What to do:
The data below holds a line containing "a) \<bullet> b" and a line containing "text \<open>The barycentric"; please quote exactly those two lines and every line between them, and nothing else.

···

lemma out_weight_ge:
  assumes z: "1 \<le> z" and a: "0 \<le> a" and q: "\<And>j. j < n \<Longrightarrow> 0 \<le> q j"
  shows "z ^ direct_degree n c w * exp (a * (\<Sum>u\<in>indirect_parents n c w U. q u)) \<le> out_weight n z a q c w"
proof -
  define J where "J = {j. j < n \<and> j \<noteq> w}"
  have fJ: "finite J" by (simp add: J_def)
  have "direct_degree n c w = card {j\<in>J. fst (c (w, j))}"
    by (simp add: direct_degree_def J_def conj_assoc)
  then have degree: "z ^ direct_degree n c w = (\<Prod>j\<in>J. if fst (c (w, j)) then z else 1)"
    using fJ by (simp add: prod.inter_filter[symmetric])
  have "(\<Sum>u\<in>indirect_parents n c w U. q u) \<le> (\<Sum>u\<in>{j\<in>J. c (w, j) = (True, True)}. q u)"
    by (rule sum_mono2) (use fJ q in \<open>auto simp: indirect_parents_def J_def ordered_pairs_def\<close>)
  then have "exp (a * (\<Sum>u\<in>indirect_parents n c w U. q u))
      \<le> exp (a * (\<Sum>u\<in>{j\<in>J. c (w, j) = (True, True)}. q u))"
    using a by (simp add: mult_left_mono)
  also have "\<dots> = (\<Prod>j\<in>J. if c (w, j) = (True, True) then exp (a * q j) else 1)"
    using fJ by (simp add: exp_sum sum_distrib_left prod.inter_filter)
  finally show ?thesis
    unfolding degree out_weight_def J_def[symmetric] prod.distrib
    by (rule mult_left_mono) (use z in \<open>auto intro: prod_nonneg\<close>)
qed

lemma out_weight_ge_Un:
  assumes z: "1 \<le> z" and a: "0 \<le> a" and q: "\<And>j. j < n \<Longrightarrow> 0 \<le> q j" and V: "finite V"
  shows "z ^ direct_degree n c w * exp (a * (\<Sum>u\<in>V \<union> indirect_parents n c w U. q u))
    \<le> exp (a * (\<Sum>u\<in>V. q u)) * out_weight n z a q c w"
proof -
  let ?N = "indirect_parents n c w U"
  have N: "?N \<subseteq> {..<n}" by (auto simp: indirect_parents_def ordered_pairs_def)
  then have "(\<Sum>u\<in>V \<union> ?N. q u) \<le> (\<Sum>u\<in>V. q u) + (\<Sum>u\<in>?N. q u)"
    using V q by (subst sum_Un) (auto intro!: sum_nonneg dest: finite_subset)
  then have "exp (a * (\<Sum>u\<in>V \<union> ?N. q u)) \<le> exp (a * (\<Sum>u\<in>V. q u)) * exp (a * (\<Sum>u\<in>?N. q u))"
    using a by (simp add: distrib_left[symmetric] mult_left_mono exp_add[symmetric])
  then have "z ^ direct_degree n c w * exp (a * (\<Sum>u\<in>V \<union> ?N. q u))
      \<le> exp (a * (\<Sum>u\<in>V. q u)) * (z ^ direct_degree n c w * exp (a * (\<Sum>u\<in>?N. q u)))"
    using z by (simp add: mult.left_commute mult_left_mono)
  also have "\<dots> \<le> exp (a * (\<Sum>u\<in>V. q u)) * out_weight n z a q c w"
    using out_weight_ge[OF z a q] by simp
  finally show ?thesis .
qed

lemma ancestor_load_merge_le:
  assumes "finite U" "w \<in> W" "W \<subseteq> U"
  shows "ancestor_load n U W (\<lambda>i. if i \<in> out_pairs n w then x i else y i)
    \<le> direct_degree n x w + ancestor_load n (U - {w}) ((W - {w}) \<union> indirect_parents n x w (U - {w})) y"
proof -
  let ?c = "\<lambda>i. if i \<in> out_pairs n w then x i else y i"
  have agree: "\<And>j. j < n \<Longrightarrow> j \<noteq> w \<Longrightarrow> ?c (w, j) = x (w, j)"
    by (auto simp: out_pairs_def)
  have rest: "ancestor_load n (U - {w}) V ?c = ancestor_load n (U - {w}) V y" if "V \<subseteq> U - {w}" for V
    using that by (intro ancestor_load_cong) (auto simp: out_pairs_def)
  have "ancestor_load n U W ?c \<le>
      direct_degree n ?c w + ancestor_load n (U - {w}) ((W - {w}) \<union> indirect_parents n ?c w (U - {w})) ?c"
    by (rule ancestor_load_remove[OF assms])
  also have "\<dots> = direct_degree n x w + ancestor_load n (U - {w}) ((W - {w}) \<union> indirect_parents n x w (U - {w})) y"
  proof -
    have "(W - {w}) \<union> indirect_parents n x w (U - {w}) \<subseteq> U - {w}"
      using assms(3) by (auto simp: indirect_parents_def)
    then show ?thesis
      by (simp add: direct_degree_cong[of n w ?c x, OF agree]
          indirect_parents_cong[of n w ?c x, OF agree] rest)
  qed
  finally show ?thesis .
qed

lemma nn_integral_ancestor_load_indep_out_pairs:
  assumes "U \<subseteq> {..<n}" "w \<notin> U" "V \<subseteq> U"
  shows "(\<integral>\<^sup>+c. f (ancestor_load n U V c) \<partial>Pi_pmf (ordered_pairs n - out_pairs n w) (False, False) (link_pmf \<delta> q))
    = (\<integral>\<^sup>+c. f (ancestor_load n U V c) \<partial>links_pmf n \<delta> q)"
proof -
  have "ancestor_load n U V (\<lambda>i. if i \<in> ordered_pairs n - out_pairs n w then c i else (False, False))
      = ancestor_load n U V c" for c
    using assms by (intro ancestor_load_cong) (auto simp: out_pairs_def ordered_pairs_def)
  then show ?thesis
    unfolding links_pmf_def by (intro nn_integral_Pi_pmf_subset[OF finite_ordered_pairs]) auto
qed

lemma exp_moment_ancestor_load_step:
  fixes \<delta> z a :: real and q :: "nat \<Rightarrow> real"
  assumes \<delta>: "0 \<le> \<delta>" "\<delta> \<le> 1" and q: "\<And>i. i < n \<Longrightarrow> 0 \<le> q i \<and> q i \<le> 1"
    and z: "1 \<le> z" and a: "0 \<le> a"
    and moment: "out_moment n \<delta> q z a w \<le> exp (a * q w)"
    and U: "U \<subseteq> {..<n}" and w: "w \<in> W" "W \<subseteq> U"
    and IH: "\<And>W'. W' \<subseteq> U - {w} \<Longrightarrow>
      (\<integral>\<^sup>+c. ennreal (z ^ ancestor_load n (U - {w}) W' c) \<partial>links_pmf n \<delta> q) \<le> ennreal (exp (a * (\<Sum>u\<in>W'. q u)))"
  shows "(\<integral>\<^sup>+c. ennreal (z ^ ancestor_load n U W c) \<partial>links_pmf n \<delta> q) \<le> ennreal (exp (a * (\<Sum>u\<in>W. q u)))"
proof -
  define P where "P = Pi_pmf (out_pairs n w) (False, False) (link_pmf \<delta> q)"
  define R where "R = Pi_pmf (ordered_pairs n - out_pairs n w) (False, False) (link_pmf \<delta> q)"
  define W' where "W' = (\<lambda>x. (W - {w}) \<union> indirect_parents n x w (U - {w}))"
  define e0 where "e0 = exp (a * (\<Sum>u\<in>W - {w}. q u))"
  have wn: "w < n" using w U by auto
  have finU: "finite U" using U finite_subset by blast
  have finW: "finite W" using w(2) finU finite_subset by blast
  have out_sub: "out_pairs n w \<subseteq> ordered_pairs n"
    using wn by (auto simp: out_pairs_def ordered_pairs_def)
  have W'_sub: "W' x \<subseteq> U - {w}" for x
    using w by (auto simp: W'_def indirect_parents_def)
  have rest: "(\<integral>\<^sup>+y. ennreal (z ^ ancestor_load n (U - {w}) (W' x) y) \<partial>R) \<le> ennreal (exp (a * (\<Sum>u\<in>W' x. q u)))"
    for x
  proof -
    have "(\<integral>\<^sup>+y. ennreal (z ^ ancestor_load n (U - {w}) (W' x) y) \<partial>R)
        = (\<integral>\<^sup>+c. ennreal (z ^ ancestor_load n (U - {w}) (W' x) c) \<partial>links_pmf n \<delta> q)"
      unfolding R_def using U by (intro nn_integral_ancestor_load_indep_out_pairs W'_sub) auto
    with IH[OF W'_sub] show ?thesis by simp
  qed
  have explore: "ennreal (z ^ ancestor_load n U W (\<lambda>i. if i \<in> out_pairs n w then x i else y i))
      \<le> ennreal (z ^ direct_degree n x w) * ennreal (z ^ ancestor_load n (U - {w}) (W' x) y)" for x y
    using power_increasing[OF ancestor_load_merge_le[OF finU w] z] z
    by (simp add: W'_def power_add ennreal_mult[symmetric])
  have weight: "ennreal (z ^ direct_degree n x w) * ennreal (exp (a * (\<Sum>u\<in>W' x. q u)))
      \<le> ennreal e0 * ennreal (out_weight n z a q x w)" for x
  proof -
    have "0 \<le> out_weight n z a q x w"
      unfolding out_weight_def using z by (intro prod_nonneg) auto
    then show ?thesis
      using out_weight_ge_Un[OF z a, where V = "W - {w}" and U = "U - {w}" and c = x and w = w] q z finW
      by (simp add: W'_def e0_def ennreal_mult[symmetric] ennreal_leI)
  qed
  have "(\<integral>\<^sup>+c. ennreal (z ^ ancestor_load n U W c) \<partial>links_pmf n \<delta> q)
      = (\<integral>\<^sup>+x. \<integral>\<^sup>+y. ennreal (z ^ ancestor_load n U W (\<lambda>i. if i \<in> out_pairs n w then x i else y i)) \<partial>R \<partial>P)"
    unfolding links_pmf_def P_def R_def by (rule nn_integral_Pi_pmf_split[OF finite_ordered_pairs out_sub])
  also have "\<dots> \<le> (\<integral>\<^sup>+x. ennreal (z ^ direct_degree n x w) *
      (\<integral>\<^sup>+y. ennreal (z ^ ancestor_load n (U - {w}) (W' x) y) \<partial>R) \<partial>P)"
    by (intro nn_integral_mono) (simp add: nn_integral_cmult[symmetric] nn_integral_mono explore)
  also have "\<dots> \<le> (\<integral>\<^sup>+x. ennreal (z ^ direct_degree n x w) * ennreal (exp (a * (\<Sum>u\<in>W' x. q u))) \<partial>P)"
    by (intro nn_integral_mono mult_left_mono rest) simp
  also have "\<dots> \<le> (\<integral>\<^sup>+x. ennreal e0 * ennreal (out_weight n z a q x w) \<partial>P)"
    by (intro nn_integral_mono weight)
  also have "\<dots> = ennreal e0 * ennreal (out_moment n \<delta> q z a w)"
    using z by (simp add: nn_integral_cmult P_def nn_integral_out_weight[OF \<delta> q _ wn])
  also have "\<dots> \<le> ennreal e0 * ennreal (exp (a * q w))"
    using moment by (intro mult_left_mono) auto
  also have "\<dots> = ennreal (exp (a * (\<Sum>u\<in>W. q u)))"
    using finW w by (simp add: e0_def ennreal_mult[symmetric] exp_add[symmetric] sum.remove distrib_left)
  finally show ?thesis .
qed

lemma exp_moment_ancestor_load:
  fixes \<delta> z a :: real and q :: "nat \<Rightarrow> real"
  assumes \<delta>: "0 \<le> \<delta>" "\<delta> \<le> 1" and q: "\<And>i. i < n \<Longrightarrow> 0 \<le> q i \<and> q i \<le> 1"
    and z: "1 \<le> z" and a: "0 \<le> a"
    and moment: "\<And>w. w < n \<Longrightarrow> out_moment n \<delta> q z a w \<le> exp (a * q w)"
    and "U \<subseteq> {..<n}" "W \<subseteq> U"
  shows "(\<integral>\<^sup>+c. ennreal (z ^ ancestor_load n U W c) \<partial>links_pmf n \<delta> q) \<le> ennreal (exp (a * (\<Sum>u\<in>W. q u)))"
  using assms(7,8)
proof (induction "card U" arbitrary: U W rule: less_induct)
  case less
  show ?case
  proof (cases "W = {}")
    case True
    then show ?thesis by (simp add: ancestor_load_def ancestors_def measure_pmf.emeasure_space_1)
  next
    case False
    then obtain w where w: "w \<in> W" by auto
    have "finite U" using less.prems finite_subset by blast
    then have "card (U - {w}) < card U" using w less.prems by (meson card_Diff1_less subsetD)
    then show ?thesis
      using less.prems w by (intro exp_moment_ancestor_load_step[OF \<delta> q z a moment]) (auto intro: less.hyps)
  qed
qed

···

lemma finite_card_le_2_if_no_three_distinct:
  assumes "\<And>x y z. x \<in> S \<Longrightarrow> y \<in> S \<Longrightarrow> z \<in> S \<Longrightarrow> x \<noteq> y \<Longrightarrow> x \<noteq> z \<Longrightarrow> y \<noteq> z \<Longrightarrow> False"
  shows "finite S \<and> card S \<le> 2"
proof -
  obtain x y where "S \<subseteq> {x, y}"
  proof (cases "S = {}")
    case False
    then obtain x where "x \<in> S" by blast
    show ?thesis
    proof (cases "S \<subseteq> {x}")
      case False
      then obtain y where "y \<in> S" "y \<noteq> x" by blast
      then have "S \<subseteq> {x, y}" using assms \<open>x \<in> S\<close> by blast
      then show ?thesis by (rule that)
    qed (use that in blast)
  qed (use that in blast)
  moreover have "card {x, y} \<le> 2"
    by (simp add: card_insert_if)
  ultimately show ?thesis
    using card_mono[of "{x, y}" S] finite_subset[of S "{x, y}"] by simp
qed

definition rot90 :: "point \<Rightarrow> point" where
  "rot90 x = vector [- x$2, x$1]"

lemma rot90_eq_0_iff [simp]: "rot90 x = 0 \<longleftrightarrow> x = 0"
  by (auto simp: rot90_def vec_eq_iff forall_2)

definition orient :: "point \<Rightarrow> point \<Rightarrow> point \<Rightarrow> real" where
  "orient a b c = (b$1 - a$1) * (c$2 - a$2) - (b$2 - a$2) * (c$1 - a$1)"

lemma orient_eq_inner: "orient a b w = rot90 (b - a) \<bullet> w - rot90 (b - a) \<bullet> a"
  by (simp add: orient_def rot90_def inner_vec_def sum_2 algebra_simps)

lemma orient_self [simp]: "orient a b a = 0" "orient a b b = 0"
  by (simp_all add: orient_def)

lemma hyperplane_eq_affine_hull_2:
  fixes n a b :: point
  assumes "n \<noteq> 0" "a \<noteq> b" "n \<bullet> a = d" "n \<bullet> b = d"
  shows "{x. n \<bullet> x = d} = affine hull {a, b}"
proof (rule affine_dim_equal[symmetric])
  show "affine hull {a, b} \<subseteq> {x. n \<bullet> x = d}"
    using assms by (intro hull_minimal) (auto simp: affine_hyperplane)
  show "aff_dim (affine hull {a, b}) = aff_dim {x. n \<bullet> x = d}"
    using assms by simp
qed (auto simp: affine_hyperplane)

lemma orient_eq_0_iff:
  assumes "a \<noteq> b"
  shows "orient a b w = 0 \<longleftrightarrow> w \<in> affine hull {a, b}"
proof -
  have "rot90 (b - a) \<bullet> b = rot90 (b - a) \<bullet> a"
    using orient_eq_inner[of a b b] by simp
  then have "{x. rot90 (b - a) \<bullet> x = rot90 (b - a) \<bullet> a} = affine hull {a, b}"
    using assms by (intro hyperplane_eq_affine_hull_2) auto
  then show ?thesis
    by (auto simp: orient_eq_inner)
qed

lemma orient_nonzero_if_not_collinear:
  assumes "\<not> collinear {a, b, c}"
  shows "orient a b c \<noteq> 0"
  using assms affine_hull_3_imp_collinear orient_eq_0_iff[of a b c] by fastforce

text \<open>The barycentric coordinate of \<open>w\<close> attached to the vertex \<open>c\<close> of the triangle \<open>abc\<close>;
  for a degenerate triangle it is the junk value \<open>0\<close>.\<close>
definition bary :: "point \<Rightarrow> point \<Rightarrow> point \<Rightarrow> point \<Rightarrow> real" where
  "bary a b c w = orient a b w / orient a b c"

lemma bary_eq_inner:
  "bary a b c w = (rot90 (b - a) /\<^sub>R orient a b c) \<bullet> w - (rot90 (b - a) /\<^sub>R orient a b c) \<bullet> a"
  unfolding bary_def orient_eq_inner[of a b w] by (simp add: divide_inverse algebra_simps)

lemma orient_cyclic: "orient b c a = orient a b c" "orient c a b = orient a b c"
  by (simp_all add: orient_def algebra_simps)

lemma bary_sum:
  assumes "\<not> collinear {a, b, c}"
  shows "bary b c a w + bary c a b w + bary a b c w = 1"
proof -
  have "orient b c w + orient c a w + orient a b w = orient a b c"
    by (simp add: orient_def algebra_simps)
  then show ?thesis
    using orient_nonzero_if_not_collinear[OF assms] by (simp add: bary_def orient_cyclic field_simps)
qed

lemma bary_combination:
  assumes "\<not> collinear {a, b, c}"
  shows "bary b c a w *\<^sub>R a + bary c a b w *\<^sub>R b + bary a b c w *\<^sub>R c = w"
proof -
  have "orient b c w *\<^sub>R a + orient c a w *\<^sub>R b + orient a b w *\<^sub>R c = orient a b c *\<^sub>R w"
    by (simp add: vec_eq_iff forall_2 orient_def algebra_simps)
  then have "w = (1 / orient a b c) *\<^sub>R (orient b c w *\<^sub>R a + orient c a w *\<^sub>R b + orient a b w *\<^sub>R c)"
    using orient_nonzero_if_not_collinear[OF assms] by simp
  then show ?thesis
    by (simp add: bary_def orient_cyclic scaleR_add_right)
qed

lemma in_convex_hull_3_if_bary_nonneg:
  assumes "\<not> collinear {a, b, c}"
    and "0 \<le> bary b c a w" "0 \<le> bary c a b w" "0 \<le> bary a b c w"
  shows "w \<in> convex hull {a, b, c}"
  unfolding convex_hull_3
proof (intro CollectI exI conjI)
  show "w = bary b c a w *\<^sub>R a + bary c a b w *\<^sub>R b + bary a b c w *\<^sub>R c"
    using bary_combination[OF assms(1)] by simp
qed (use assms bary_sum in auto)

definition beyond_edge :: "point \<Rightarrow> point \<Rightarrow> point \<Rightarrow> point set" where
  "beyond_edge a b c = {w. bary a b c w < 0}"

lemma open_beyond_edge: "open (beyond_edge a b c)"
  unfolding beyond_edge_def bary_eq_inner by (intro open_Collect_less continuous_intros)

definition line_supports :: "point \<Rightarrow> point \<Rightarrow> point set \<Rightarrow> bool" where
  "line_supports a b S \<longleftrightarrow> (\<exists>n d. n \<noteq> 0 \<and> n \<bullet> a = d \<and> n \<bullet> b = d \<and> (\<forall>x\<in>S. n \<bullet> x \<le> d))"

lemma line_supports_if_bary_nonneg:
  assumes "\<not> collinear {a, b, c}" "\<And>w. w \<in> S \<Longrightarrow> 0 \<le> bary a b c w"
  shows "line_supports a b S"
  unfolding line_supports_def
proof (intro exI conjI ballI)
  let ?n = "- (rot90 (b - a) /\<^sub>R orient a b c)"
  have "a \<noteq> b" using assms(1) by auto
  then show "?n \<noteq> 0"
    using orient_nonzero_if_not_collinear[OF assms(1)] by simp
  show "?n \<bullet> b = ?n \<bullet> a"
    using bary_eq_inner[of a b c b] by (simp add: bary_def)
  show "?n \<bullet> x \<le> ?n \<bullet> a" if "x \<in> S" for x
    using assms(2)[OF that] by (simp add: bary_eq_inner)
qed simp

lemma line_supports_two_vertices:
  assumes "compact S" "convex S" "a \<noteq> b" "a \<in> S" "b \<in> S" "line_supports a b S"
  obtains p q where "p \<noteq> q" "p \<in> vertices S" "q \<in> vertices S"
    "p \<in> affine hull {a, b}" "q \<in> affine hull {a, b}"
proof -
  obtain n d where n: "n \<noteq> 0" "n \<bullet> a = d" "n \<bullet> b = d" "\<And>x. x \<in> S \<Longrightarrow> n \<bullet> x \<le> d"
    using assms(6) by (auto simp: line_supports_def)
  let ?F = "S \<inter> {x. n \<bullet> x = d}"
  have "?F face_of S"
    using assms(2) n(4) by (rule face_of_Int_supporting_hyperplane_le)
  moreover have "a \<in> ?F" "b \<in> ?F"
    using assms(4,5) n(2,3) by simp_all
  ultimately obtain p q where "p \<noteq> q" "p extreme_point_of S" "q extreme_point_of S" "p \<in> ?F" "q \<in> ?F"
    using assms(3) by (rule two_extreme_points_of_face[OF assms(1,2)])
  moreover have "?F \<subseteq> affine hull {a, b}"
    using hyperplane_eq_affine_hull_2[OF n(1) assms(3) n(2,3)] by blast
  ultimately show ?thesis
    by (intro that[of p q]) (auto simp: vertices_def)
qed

···

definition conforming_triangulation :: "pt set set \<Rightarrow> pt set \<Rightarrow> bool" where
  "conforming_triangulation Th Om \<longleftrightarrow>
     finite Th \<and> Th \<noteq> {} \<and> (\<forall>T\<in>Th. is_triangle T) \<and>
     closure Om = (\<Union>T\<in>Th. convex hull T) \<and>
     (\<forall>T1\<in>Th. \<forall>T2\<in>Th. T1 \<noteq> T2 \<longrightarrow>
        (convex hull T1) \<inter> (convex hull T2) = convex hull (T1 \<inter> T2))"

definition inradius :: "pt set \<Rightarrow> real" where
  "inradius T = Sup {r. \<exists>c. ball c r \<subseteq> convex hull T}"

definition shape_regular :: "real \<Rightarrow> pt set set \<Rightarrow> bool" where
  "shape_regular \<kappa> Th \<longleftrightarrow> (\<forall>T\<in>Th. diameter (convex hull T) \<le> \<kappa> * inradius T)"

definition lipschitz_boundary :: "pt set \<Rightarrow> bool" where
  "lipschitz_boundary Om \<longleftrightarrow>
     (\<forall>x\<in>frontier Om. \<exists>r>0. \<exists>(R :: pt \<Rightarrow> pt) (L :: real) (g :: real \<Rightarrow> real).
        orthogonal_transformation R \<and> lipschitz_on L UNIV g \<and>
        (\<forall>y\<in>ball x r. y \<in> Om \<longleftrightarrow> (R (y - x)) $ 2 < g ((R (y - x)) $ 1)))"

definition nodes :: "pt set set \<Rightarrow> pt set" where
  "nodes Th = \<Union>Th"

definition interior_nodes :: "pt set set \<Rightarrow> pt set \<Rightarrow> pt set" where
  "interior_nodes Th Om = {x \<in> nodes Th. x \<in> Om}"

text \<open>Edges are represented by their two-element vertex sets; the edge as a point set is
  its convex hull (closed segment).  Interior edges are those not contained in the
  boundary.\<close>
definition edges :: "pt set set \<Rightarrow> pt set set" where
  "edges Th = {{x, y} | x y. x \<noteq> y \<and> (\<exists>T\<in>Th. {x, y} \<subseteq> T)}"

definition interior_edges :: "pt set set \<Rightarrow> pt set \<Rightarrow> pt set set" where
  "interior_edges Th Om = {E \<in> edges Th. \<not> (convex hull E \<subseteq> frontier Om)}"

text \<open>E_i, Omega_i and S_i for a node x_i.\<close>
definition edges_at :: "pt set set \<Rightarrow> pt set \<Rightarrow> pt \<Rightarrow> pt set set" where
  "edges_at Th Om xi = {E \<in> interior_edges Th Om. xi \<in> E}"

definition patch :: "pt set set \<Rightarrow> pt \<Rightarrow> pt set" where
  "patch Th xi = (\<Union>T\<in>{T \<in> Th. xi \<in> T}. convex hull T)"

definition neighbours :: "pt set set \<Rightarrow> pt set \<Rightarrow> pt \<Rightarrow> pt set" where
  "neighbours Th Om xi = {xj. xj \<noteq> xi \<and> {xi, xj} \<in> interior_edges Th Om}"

···

Exercise solution:
  have "rot90 (b - a) \<bullet> b = rot90 (b - a) \<bullet> a"
    using orient_eq_inner[of a b b] by simp
  then have "{x. rot90 (b - a) \<bullet> x = rot90 (b - a) \<bullet> a} = affine hull {a, b}"
    using assms by (intro hyperplane_eq_affine_hull_2) auto
  then show ?thesis
    by (auto simp: orient_eq_inner)
qed

lemma orient_nonzero_if_not_collinear:
  assumes "\<not> collinear {a, b, c}"
  shows "orient a b c \<noteq> 0"
  using assms affine_hull_3_imp_collinear orient_eq_0_iff[of a b c] by fastforce

text \<open>The barycentric coordinate of \<open>w\<close> attached to the vertex \<open>c\<close> of the triangle \<open>abc\<close>;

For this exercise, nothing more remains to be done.